WHAT YOU SHOULD DO: Go through the entries below and print, exactly, the lines starting at the one with "f \<Longrightarrow> f" and ending at the one with "using G fG by (rule integral_mono)", keeping both ends and no others.

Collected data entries
------------------------------------------------

(* Let $u$ be a word and $x,y,z$ letters with $x<y\le z$ such that $uyxz\in W(R)$. Then $\chi_R^3(uyxz)\sim_K\chi_R^3(uyzx)$.
   Context: $\sim_K$ is Knuth equivalence; $w|_B$ is the subword of letters in $B$; for a tableau $T$ (English notation), $\mathrm{word}(T)=\dotsb u^2u^1$ with $u^i$ the $i$-th row read left to right. $R=(R_1,\dots,R_t)$ is a sequence of rectangular partitions, $R_i$ with $\eta_i$ rows and $\mu_i$ columns; $n=\sum\eta_i$; $A_i=\{\eta_1+\dots+\eta_{i-1}+1,\dots,\eta_1+\dots+\eta_i\}$; $Y_i$ is the column-strict tableau of shape $R_i$ whose $j$-th row consists of $\mu_i$ copies of $\eta_1+\dots+\eta_{i-1}+j$. $W(R)$ is the set of words $w$ in $[n]$ with $w|_{A_i}\sim_K\mathrm{word}(Y_i)$ for all $i$. For $1\le r\le n-1$ and a word $v$, regard letters $r$ as right and $r+1$ as left parentheses, match them, leaving an unmatched subword $r^c(r+1)^d$; $s_rv$ replaces it (in the same positions) by $r^d(r+1)^c$. These satisfy the Coxeter relations of $S_n$, giving an action of $S_n$ on words. $w_0^R$ is the longest element of the Young subgroup of $S_n$ stabilizing each $A_i$; for a word $w=vx$ with $x$ a letter, $\chi_R(w)=(w_0^Rx)(w_0^Rv)$. *)

theory Defs
  imports Main
begin

(* Words are lists of positive naturals (letters). *)

inductive knuth_step :: "nat list \<Rightarrow> nat list \<Rightarrow> bool" where
  K1: "x < y \<Longrightarrow> y \<le> z \<Longrightarrow> knuth_step (u @ [y, x, z] @ v) (u @ [y, z, x] @ v)"
| K2: "x \<le> y \<Longrightarrow> y < z \<Longrightarrow> knuth_step (u @ [x, z, y] @ v) (u @ [z, x, y] @ v)"

definition knuth_equiv :: "nat list \<Rightarrow> nat list \<Rightarrow> bool" (infix "\<sim>\<^sub>K" 50) where
  "knuth_equiv = equivclp knuth_step"

definition restrict_word :: "nat list \<Rightarrow> nat set \<Rightarrow> nat list" where
  "restrict_word w B = filter (\<lambda>a. a \<in> B) w"

(* R is a list of rectangles (eta_i, mu_i): eta_i rows, mu_i columns *)
definition rect_rows :: "(nat \<times> nat) list \<Rightarrow> nat \<Rightarrow> nat" where
  "rect_rows R i = fst (R ! i)"

definition rect_cols :: "(nat \<times> nat) list \<Rightarrow> nat \<Rightarrow> nat" where
  "rect_cols R i = snd (R ! i)"

(* eta_1 + ... + eta_{i} for 0-based index i  (sum over blocks before block i) *)
definition offset :: "(nat \<times> nat) list \<Rightarrow> nat \<Rightarrow> nat" where
  "offset R i = (\<Sum>j<i. rect_rows R j)"

definition total_n :: "(nat \<times> nat) list \<Rightarrow> nat" where
  "total_n R = (\<Sum>j<length R. rect_rows R j)"

(* A_i (0-based block index i) *)
definition block :: "(nat \<times> nat) list \<Rightarrow> nat \<Rightarrow> nat set" where
  "block R i = {offset R i + 1 .. offset R i + rect_rows R i}"
lemma measure_Union_separated_balls:
  fixes c :: "'i \<Rightarrow> 'a::euclidean_space"
  assumes "finite F" and "0 \<le> r"
    and sep: "\<And>k l. k \<in> F \<Longrightarrow> l \<in> F \<Longrightarrow> k \<noteq> l \<Longrightarrow> 2 * r \<le> dist (c k) (c l)"
  shows "measure lborel (\<Union>k\<in>F. ball (c k) r)
    = real (card F) * r ^ DIM('a) * measure lborel (ball (0::'a) 1)"
proof -
  have disj: "disjoint_family_on (\<lambda>k. ball (c k) r) F"
    unfolding disjoint_family_on_def
  proof (intro ballI impI)
    fix k l assume "k \<in> F" "l \<in> F" "k \<noteq> l"
    then have "2 * r \<le> dist (c k) (c l)" by (rule sep)
    then show "ball (c k) r \<inter> ball (c l) r = {}"
      using dist_triangle_less_add[of "c k" _ r "c l" r] by (force simp: dist_commute)
  qed
  have "measure lborel (\<Union>k\<in>F. ball (c k) r) = (\<Sum>k\<in>F. measure lborel (ball (c k) r))"
  proof (rule measure_finite_Union[OF assms(1) _ disj])
    show "emeasure lborel (ball (c k) r) \<noteq> \<infinity>" for k
      using emeasure_lborel_ball_finite[of "c k" r] by simp
  qed auto
  also have "\<dots> = (\<Sum>k\<in>F. r ^ DIM('a) * measure lborel (ball (0::'a) 1))"
    using assms(2) by (intro sum.cong refl content_ball_conv_unit_ball)
  also have "\<dots> = real (card F) * r ^ DIM('a) * measure lborel (ball (0::'a) 1)"
    by simp
  finally show ?thesis .
qed


lemma ball_chain_along_direction:
  fixes w :: "'a::euclidean_space"
  assumes w: "norm w = 1" and \<rho>: "0 < \<rho>" "\<rho> \<le> 1"
  obtains U where "U \<in> sets lborel" and "U \<subseteq> ball 0 1"
    and "3 / 64 ^ DIM('a) * \<rho> ^ (DIM('a) - 1) * measure lborel (ball (0::'a) 1) \<le> measure lborel U"
    and "\<And>z. z \<in> U \<Longrightarrow> \<exists>s\<ge>1/4. norm (z - s *\<^sub>R w) < \<rho> / 64"
proof -
  \<comment> \<open>About 3/\<rho> disjoint balls of radius \<rho>/64 centred on the segment from w/4 to w/2.\<close>
  define d where "d = DIM('a)"
  define n where "n = nat \<lceil>3 / \<rho>\<rceil>"
  define s where "s k = 1/4 + real k * \<rho> / 16" for k
  define U where "U = (\<Union>k\<in>{..<n}. ball (s k *\<^sub>R w) (\<rho> / 64))"
  have n_eq: "real n = of_int \<lceil>3 / \<rho>\<rceil>" unfolding n_def using \<rho> by simp
  then have n: "3 / \<rho> \<le> real n" by linarith
  have n_gt: "real k < 3 / \<rho>" if "k < n" for k
  proof -
    have "real k + 1 \<le> real n" using that by linarith
    then show ?thesis using n_eq ceiling_correct[of "3 / \<rho>"] by linarith
  qed
  have meas: "measure lborel U = real n * (\<rho> / 64) ^ d * measure lborel (ball (0::'a) 1)"
    unfolding U_def d_def
  proof (subst measure_Union_separated_balls)
    fix k l assume "k \<in> {..<n}" "l \<in> {..<n}" "k \<noteq> l"
    then have "\<rho> / 16 \<le> \<bar>real k - real l\<bar> * (\<rho> / 16)" using \<rho> by simp
    also have "\<dots> = dist (s k *\<^sub>R w) (s l *\<^sub>R w)"
    proof -
      have "s k *\<^sub>R w - s l *\<^sub>R w = ((real k - real l) * (\<rho> / 16)) *\<^sub>R w"
        by (simp add: s_def algebra_simps flip: scaleR_diff_left)
      then show ?thesis using w \<rho> by (simp add: dist_norm abs_mult)
    qed
    finally show "2 * (\<rho> / 64) \<le> dist (s k *\<^sub>R w) (s l *\<^sub>R w)" using \<rho> by linarith
  qed (use \<rho> in auto)
  have "\<rho> ^ d = \<rho> * \<rho> ^ (d - 1)"
    unfolding d_def using DIM_positive[where 'a='a] by (metis Suc_diff_1 power_Suc)
  then have "3 / 64 ^ d * \<rho> ^ (d - 1) = 3 / \<rho> * (\<rho> / 64) ^ d"
    using \<rho> by (simp add: field_simps power_divide)
  also have "\<dots> \<le> real n * (\<rho> / 64) ^ d"
    using n \<rho> by (intro mult_right_mono) auto
  finally have U_meas:
      "3 / 64 ^ d * \<rho> ^ (d - 1) * measure lborel (ball (0::'a) 1) \<le> measure lborel U"
    unfolding meas by (intro mult_right_mono) auto
  have U_sub: "U \<subseteq> ball 0 1"
  proof
    fix z assume "z \<in> U"
    then obtain k where k: "k < n" "dist (s k *\<^sub>R w) z < \<rho> / 64" unfolding U_def by auto
    have "norm z \<le> s k + dist (s k *\<^sub>R w) z"
      using w \<rho> norm_triangle_sub[of z "s k *\<^sub>R w"]
      by (simp add: s_def dist_norm norm_minus_commute)
    moreover have "s k < 1/2" using n_gt[OF k(1)] \<rho> by (simp add: s_def field_simps)
    ultimately show "z \<in> ball 0 1" using k \<rho> by simp
  qed
  have "\<exists>s\<ge>1/4. norm (z - s *\<^sub>R w) < \<rho> / 64" if "z \<in> U" for z
    using that \<rho> unfolding U_def s_def by (force simp: dist_norm norm_minus_commute)
  then show ?thesis using that[of U] U_sub U_meas unfolding U_def d_def by auto
qed

lemma norm_diff_scaleR_le:
  fixes x u :: "'a::real_normed_vector"
  assumes "x \<noteq> 0" and "0 \<le> t"
  shows "norm (x - t *\<^sub>R u) \<le> \<bar>norm x - t\<bar> + t * norm (u - x /\<^sub>R norm x)"
proof -
  define v where "v = x /\<^sub>R norm x"
  have "norm x *\<^sub>R v = x" using assms(1) by (simp add: v_def)
  then have "x - t *\<^sub>R v = (norm x - t) *\<^sub>R v" by (simp add: scaleR_diff_left)
  moreover have "norm v = 1" using assms(1) by (simp add: v_def)
  ultimately have "norm (x - t *\<^sub>R v) = \<bar>norm x - t\<bar>" by simp
  moreover have "norm (t *\<^sub>R v - t *\<^sub>R u) = t * norm (u - v)"
    using assms(2) by (simp flip: scaleR_diff_right add: norm_minus_commute)
  moreover have "norm (x - t *\<^sub>R u) \<le> norm (x - t *\<^sub>R v) + norm (t *\<^sub>R v - t *\<^sub>R u)"
    by (rule norm_diff_triangle_le[OF order_refl order_refl])
  ultimately show ?thesis by (simp add: v_def)
qed

lemma unit_ball_directions_near_point:
  fixes x :: "'a::euclidean_space"
  assumes t: "1 \<le> t" "t \<le> 2" and \<rho>: "0 < \<rho>" "\<rho> \<le> 1" and x: "\<bar>norm x - t\<bar> \<le> \<rho> / 4"
  obtains U where "U \<in> sets lborel" and "U \<subseteq> ball 0 1"
    and "3 / 64 ^ DIM('a) * \<rho> ^ (DIM('a) - 1) * measure lborel (ball (0::'a) 1) \<le> measure lborel U"
    and "\<And>z. z \<in> U \<Longrightarrow> norm (x - t *\<^sub>R (z /\<^sub>R norm z)) < \<rho>"
proof -
  have "x \<noteq> 0" using x t \<rho> by auto
  then have w: "norm (x /\<^sub>R norm x) = 1" by simp
  obtain U where U: "U \<in> sets lborel" "U \<subseteq> ball 0 1"
    "3 / 64 ^ DIM('a) * \<rho> ^ (DIM('a) - 1) * measure lborel (ball (0::'a) 1) \<le> measure lborel U"
    and near: "\<And>z. z \<in> U \<Longrightarrow> \<exists>s\<ge>1/4. norm (z - s *\<^sub>R (x /\<^sub>R norm x)) < \<rho> / 64"
    using ball_chain_along_direction[OF w \<rho>] by blast
  have "norm (x - t *\<^sub>R (z /\<^sub>R norm z)) < \<rho>" if z: "z \<in> U" for z
  proof -
    obtain s where s: "1/4 \<le> s" "norm (z - s *\<^sub>R (x /\<^sub>R norm x)) < \<rho> / 64"
      using near[OF z] by blast
    have "norm (z /\<^sub>R norm z - x /\<^sub>R norm x) \<le> 2 * norm (z - s *\<^sub>R (x /\<^sub>R norm x)) / s"
      using s \<rho> by (intro norm_normalize_diff_le w) auto
    also have "\<dots> \<le> 2 * (\<rho> / 64) / (1/4)"
      using s \<rho> by (intro divide_mono mult_left_mono) auto
    finally have "t * norm (z /\<^sub>R norm z - x /\<^sub>R norm x) \<le> 2 * (\<rho> / 8)"
      using t by (intro mult_mono) auto
    then show ?thesis
      using norm_diff_scaleR_le[OF \<open>x \<noteq> 0\<close>, of t "z /\<^sub>R norm z"] x t \<rho> by linarith
  qed
  then show ?thesis using that U by blast
qed

lemma set_integrable_sph_avg:
  fixes g :: "'a::euclidean_space \<Rightarrow> real"
  assumes "g \<in> borel_measurable borel" and "\<And>y. \<bar>g y\<bar> \<le> B"
  shows "set_integrable lborel (ball 0 1) (\<lambda>z. g (x - t *\<^sub>R (z /\<^sub>R norm z)))"
  unfolding set_integrable_def
proof (rule integrableI_bounded_set_indicator[where B=B])
  show "(\<lambda>z. g (x - t *\<^sub>R (z /\<^sub>R norm z))) \<in> borel_measurable lborel"
    using assms(1) by measurable
qed (use assms(2) emeasure_lborel_ball_finite in auto)

lemma sph_avg_sum:
  fixes g :: "'i \<Rightarrow> 'a::euclidean_space \<Rightarrow> real"
  assumes "finite F" and "\<And>k. k \<in> F \<Longrightarrow> g k \<in> borel_measurable borel"
    and "\<And>k y. k \<in> F \<Longrightarrow> \<bar>g k y\<bar> \<le> B k"
  shows "sph_avg (\<lambda>y. \<Sum>k\<in>F. a k * g k y) x t = (\<Sum>k\<in>F. a k * sph_avg (g k) x t)"
proof -
  have int: "set_integrable lborel (ball 0 1) (\<lambda>z. a k * g k (x - t *\<^sub>R (z /\<^sub>R norm z)))"
    if "k \<in> F" for k
    using that assms(2,3) by (intro set_integrable_mult_right set_integrable_sph_avg) auto
  have "(LINT z:ball 0 1|lborel. \<Sum>k\<in>F. a k * g k (x - t *\<^sub>R (z /\<^sub>R norm z)))
      = (\<Sum>k\<in>F. LINT z:ball 0 1|lborel. a k * g k (x - t *\<^sub>R (z /\<^sub>R norm z)))"
    unfolding set_lebesgue_integral_def scaleR_sum_right
    by (rule Bochner_Integration.integral_sum) (use int in \<open>simp add: set_integrable_def\<close>)
  then show ?thesis
    unfolding sph_avg_def by (simp add: sum_divide_distrib)
qed

lemma sph_avg_bump_ge:
  fixes x :: "'a::euclidean_space"
  assumes "1 \<le> t" "t \<le> 2" "0 < \<rho>" "\<rho> \<le> 1" "\<bar>norm x - t\<bar> \<le> \<rho> / 4"
  shows "3 / 64 ^ DIM('a) * \<rho> ^ (DIM('a) - 1) \<le> sph_avg (bump \<rho>) x t"
proof -
  define V where "V = measure lborel (ball (0::'a) 1)"
  have V: "0 < V" unfolding V_def by (rule content_ball_pos) simp
  obtain U where U: "U \<in> sets lborel" "U \<subseteq> ball 0 1"
    "3 / 64 ^ DIM('a) * \<rho> ^ (DIM('a) - 1) * V \<le> measure lborel U"
    "\<And>z. z \<in> U \<Longrightarrow> norm (x - t *\<^sub>R (z /\<^sub>R norm z)) < \<rho>"
    using unit_ball_directions_near_point[OF assms] unfolding V_def by blast
  have U_fin: "emeasure lborel U < \<infinity>"
    by (rule order_le_less_trans[OF emeasure_mono[OF U(2)] emeasure_lborel_ball_finite]) simp
  have "measure lborel U = (LINT z:ball 0 1|lborel. indicator U z)"
  proof -
    have "(\<lambda>z. indicator (ball 0 1) z *\<^sub>R indicator U z) = (indicator U :: 'a \<Rightarrow> real)"
      using U(2) by (auto simp: indicator_def fun_eq_iff)
    then show ?thesis by (simp add: set_lebesgue_integral_def)
  qed
  also have "\<dots> \<le> (LINT z:ball 0 1|lborel. bump \<rho> (x - t *\<^sub>R (z /\<^sub>R norm z)))"
  proof (rule set_integral_mono)
    show "set_integrable lborel (ball 0 1) (indicator U :: 'a \<Rightarrow> real)"
      unfolding set_integrable_def
      by (intro integrable_mult_indicator integrable_real_indicator U(1) U_fin) simp
    show "set_integrable lborel (ball 0 1) (\<lambda>z. bump \<rho> (x - t *\<^sub>R (z /\<^sub>R norm z)))"
      by (rule set_integrable_sph_avg[where B=1]) (auto simp: bump_nonneg bump_le_1 abs_le_iff)
    show "indicator U z \<le> bump \<rho> (x - t *\<^sub>R (z /\<^sub>R norm z))" for z
    proof (cases "z \<in> U")
      case True
      then show ?thesis using U(4)[OF True] assms(3) by (simp add: bump_eq_1)
    qed (simp add: bump_nonneg)
  qed
  finally have "3 / 64 ^ DIM('a) * \<rho> ^ (DIM('a) - 1) * V
      \<le> (LINT z:ball 0 1|lborel. bump \<rho> (x - t *\<^sub>R (z /\<^sub>R norm z)))"
    using U(3) by linarith
  then show ?thesis
    unfolding sph_avg_def V_def[symmetric] by (subst pos_le_divide_eq[OF V])
qed

section \<open>L^p norms of the test functions\<close>

lemma borel_measurable_radial_test: "radial_test f \<Longrightarrow> f \<in> borel_measurable borel"
  unfolding radial_test_def by (blast intro: borel_measurable_continuous_onI)

lemma Lp_norm_nonneg: "0 \<le> Lp_norm p f"
  by (simp add: Lp_norm_def)

lemma Lp_norm_le:
  fixes f G :: "'a::euclidean_space \<Rightarrow> real"
  assumes f: "f \<in> borel_measurable borel" and p: "0 < p" and G: "integrable lborel G"
    and fG: "\<And>x. \<bar>f x\<bar> powr p \<le> G x"
  shows "Lp_norm p f \<le> (LINT x|lborel. G x) powr (1 / p)"
proof -
  have "integrable lborel (\<lambda>x. \<bar>f x\<bar> powr p)"
  proof (rule Bochner_Integration.integrable_bound[OF G])
    show "(\<lambda>x. \<bar>f x\<bar> powr p) \<in> borel_measurable lborel" using f by measurable
    show "AE x in lborel. norm (\<bar>f x\<bar> powr p) \<le> norm (G x)"
      using fG by (intro AE_I2) (smt (verit) powr_ge_zero real_norm_def)
  qed
  then have "(LINT x|lborel. \<bar>f x\<bar> powr p) \<le> (LINT x|lborel. G x)"
    using G fG by (rule integral_mono)
  moreover have "0 \<le> (LINT x|lborel. \<bar>f x\<bar> powr p)" by (intro integral_nonneg_AE) auto
  ultimately show ?thesis unfolding Lp_norm_def using p by (intro powr_mono2) auto
qed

------------------------------------------------

ANSWER TO THIS PROBLEM:
lemma borel_measurable_radial_test: "radial_test f \<Longrightarrow> f \<in> borel_measurable borel"
  unfolding radial_test_def by (blast intro: borel_measurable_continuous_onI)

lemma Lp_norm_nonneg: "0 \<le> Lp_norm p f"
  by (simp add: Lp_norm_def)

lemma Lp_norm_le:
  fixes f G :: "'a::euclidean_space \<Rightarrow> real"
  assumes f: "f \<in> borel_measurable borel" and p: "0 < p" and G: "integrable lborel G"
    and fG: "\<And>x. \<bar>f x\<bar> powr p \<le> G x"
  shows "Lp_norm p f \<le> (LINT x|lborel. G x) powr (1 / p)"
proof -
  have "integrable lborel (\<lambda>x. \<bar>f x\<bar> powr p)"
  proof (rule Bochner_Integration.integrable_bound[OF G])
    show "(\<lambda>x. \<bar>f x\<bar> powr p) \<in> borel_measurable lborel" using f by measurable
    show "AE x in lborel. norm (\<bar>f x\<bar> powr p) \<le> norm (G x)"
      using fG by (intro AE_I2) (smt (verit) powr_ge_zero real_norm_def)
  qed
  then have "(LINT x|lborel. \<bar>f x\<bar> powr p) \<le> (LINT x|lborel. G x)"
    using G fG by (rule integral_mono)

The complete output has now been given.